Moi hyperactive ? c’est drôle d’observer comment chacun prévoit ses vacances : si je grossis le trait, il y a ceux dont le programme est aussi chargé que le reste de l’année et ceux qui se posent et se reposent pour mieux attaquer la rentrée à fond.
Un monde qui fuit le vide ?
Si j’écris cet article c’est que je connais bien ce piège. Il porte les habits flatteurs du dynamisme, de l’efficacité, de l’engagement, parfois même du dévouement. Il s’appelle suractivité voir hyperactivité ; mais sous ce masque se cache souvent un stratagème plus sournois : l’anesthésie de nos mutations en cours.
Quand une part de nous est appelée à se transformer, que ce soit dans une transition professionnelle, une bascule de vie, une remise en question identitaire, une tension naît. Une tension féconde, mais exigeante. Elle bouscule les équilibres établis, met en lumière les fissures anciennes, convoque l’invisible et le non-su.
Ce moment-là, nous préférerions l’éviter.
Car rester dans cette tension, c’est accepter de ne pas savoir. De ne plus être tout à fait celui ou celle que nous étions, sans encore connaître celui ou celle que nous devenons. C’est éprouver l’inconfort, le désordre, la peur du vide. Et dans un monde où « remplir » est valorisé, le vide est suspect.
Alors, pour ne pas sentir, on remplit.
On sur-remplit l’agenda, les to-do lists, les obligations professionnelles, sociales, affectives. On devient un orchestre à soi seul : à la fois percussionniste, violoniste, chef et régisseur. On s’active, on s’accélère, on s’épuise parfois… mais surtout : on évite.
Comme on grignote nerveusement dans un moment d’angoisse, on s’hyperactive pour ne pas rester avec l’inconnu.
Or, cette tension intérieure n’est pas l’ennemie. Elle est le signe que quelque chose en nous est en train de naître. Que notre identité ancienne vacille, non pour disparaître, mais pour laisser émerger une forme plus ajustée, plus vivante, plus vraie.
La fuite dans l’action vient rompre le processus. Elle nous garde à la surface, alors même qu’un appel plus profond nous invite à plonger.
Réhabiliter la Reste-habilité
Et si l’on réhabilitait une autre capacité ?
Non pas la capacité à faire toujours plus, mais celle à rester dans le moins.
La Reste-habilité, c’est accueillir le silence, le ralentissement, la non-réponse.

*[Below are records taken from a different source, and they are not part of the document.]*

lemma seg_length_eq_gap_down:
  assumes "x \<in> V" "0 < h x" "h x < 1"
  shows "seg_length E ends c h x = gap_down (h x) * cond_down x"
  unfolding seg_length_eq cond_down_def sum_distrib_left
  using neighbour_level[OF assms] gap_up(1)[OF assms(3)] gap_down(1)[OF assms(2)]
  by (intro sum.cong refl) (fastforce simp: max_def)

text \<open>Harmonicity at \<open>x\<close>: the current entering from below equals the current leaving upwards.\<close>
lemma seg_length_eq_gap_up:
  assumes "x \<in> V" "0 < h x" "h x < 1"
  shows "seg_length E ends c h x = gap_up (h x) * cond_up x"
proof -
  have "x \<in> V - {v0, v1}" using assms h_v0 h_v1 by auto
  then have "0 = outflow x" by (rule outflow_interior[symmetric])
  also have "\<dots> = (\<Sum>y\<in>V. cd x y * max 0 (h y - h x)) - seg_length E ends c h x"
    unfolding outflow_def seg_length_eq sum_subtractf[symmetric]
    by (intro sum.cong refl) (simp add: max_def algebra_simps)
  also have "(\<Sum>y\<in>V. cd x y * max 0 (h y - h x)) = gap_up (h x) * cond_up x"
    unfolding cond_up_def sum_distrib_left
    using neighbour_level[OF assms] gap_up(1)[OF assms(3)] gap_down(1)[OF assms(2)]
    by (intro sum.cong refl) (fastforce simp: max_def)
  finally show ?thesis by simp
qed

lemma sum_cond_level:
  assumes "x \<in> V" "0 < h x" "h x < 1"
  shows "(\<Sum>y\<in>V. if h y = b then cd x y else 0) =
    (if b = h x + gap_up (h x) then cond_up x
     else if b = h x - gap_down (h x) then cond_down x else 0)"
proof -
  have summand: "(if h y = b then cd x y else 0) =
    (if b = h x + gap_up (h x) then if h y > h x then cd x y else 0
     else if b = h x - gap_down (h x) then if h y < h x then cd x y else 0 else 0)" for y
    using neighbour_level[OF assms, of y] gap_up(1)[OF assms(3)] gap_down(1)[OF assms(2)]
    by (cases "cd x y = 0") auto
  show ?thesis
    unfolding sum.cong[OF refl summand] cond_up_def cond_down_def
    by (cases "b = h x + gap_up (h x)"; cases "b = h x - gap_down (h x)") simp_all
qed

lemma sum_trans_level:
  assumes "x \<in> V" "0 < h x" "h x < 1"
  shows "(\<Sum>y\<in>V. if h y = b then p x y else 0) = level_trans (h x) b"
proof -
  have "(\<Sum>y\<in>V. if h y = b then p x y else 0) = (\<Sum>y\<in>V. if h y = b then cd x y else 0) / st x"
    unfolding trans_def sum_divide_distrib by (intro sum.cong refl) auto
  moreover have "gap_up (h x) * cond_up x = gap_down (h x) * cond_down x"
    using seg_length_eq_gap_up[OF assms] seg_length_eq_gap_down[OF assms] by simp
  ultimately show ?thesis
    using stat_pos[OF assms] gap_up(1)[OF assms(3)] gap_down(1)[OF assms(2)]
    unfolding sum_cond_level[OF assms] level_trans_def stat_eq_cond_up_down
    by (simp add: frac_eq_eq algebra_simps)
qed

lemma seg_length_eq_stat:
  assumes "x \<in> V" "0 < h x" "h x < 1"
  shows "seg_length E ends c h x =
    gap_up (h x) * gap_down (h x) / (gap_up (h x) + gap_down (h x)) * st x"
  using seg_length_eq_gap_up[OF assms] seg_length_eq_gap_down[OF assms]
    gap_up(1)[OF assms(3)] gap_down(1)[OF assms(2)]
  unfolding stat_eq_cond_up_down by (simp add: field_simps)

abbreviation "\<mu> \<equiv> mu V E ends c h v0"

lemma mu_trans_eq_sum_cond_level:
  assumes "0 < b" "b < 1"
  shows "(\<Sum>x\<in>V. \<mu> b x * p x y) =
    gap_up b * gap_down b / (gap_up b + gap_down b) / eta E ends c h v0
      * (\<Sum>x\<in>V. if h x = b then cd y x else 0)"
  unfolding sum_distrib_left
proof (intro sum.cong refl)
  fix x assume "x \<in> V"
  then show "\<mu> b x * p x y = gap_up b * gap_down b / (gap_up b + gap_down b) / eta E ends c h v0
      * (if h x = b then cd y x else 0)"
    using seg_length_eq_stat[of x] stat_pos[of x] assms
    by (auto simp: mu_def trans_def cond_sym)
qed

lemma mu_trans_level:
  assumes b: "0 < b" "b < 1" "z \<in> V" "h z = b" and y: "y \<in> V" "0 < h y" "h y < 1"
  shows "(\<Sum>x\<in>V. \<mu> b x * p x y) = level_trans b (h y) * \<mu> (h y) y"
proof -
  define u d where "u = gap_up b" and "d = gap_down b"
  have u: "u > 0" and d: "d > 0" using gap_up(1) gap_down(1) b unfolding u_def d_def by auto
  have u': "gap_up (h y) > 0" using gap_up(1) y by auto
  define G where "G = (\<Sum>x\<in>V. if h x = b then cd y x else 0)"
  have G: "G = (if b = h y + gap_up (h y) then cond_up y
      else if b = h y - gap_down (h y) then cond_down y else 0)"
    unfolding G_def by (rule sum_cond_level[OF y])
  define K where "K = u * d / (u + d)"
  have "K * G = level_trans b (h y) * seg_length E ends c h y"
  proof -
    consider "h y = b + u" | "h y = b - d" | "h y \<noteq> b + u" "h y \<noteq> b - d" by blast
    then show ?thesis
    proof cases
      case 1
      then have "gap_down (h y) = u" using gap_down_next_level_up[OF b] unfolding u_def by simp
      then have G_eq: "G = cond_down y" and seg_eq: "seg_length E ends c h y = u * cond_down y"
        using G 1 u u' seg_length_eq_gap_down[OF y] by simp_all
      have Q_eq: "level_trans b (h y) = d / (u + d)"
        using 1 unfolding level_trans_def u_def d_def by simp
      show ?thesis unfolding G_eq seg_eq Q_eq K_def using u d by (simp add: field_simps)
    next
      case 2
      then have "gap_up (h y) = d" using gap_up_next_level_down[OF b] unfolding d_def by simp
      then have G_eq: "G = cond_up y" and seg_eq: "seg_length E ends c h y = d * cond_up y"
        using G 2 seg_length_eq_gap_up[OF y] by simp_all
      have Q_eq: "level_trans b (h y) = u / (u + d)"
        using 2 u d unfolding level_trans_def u_def d_def by simp
      show ?thesis unfolding G_eq seg_eq Q_eq K_def using u d by (simp add: field_simps)
    next
      case 3
      have "b \<noteq> h y + gap_up (h y)"
        using gap_down_next_level_up[OF y(2,3,1) refl] 3 unfolding d_def by force
      moreover have "b \<noteq> h y - gap_down (h y)"
        using gap_up_next_level_down[OF y(2,3,1) refl] 3 unfolding u_def by force
      ultimately show ?thesis using 3 unfolding G level_trans_def u_def d_def by simp
    qed
  qed
  then show ?thesis
    unfolding mu_trans_eq_sum_cond_level[OF b(1,2)] G_def[symmetric] u_def[symmetric] d_def[symmetric]
      K_def[symmetric]
    using y by (simp add: mu_def)
qed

C’est oser demeurer dans ce moment où « je ne sais pas », où « je ne suis pas sûre », où « ça tremble ». C’est une posture d’ouverture, pas de passivité. Une présence radicale à ce qui est, plutôt qu’un activisme défensif.
Une habilité à rester avec la peur sans la couvrir d’un nouveau projet,
Une habilité à rester avec la fatigue sans la maquiller en performance.
Une habilité à rester avec le non-sens apparent pour laisser advenir du sens.
Une habilité à rester avec les parts de soi qui s’opposent, se déchirent, résistent.
Et c’est difficile.
Toute chrysalide est une chambre d’inconfort. Ce n’est pas dans la vitesse que l’on devient papillon, mais dans la dissolution patiente de ce que l’on croyait être. Et pour laisser jaillir le nouveau, quelle place êtes-vous prêt à lui laisser ?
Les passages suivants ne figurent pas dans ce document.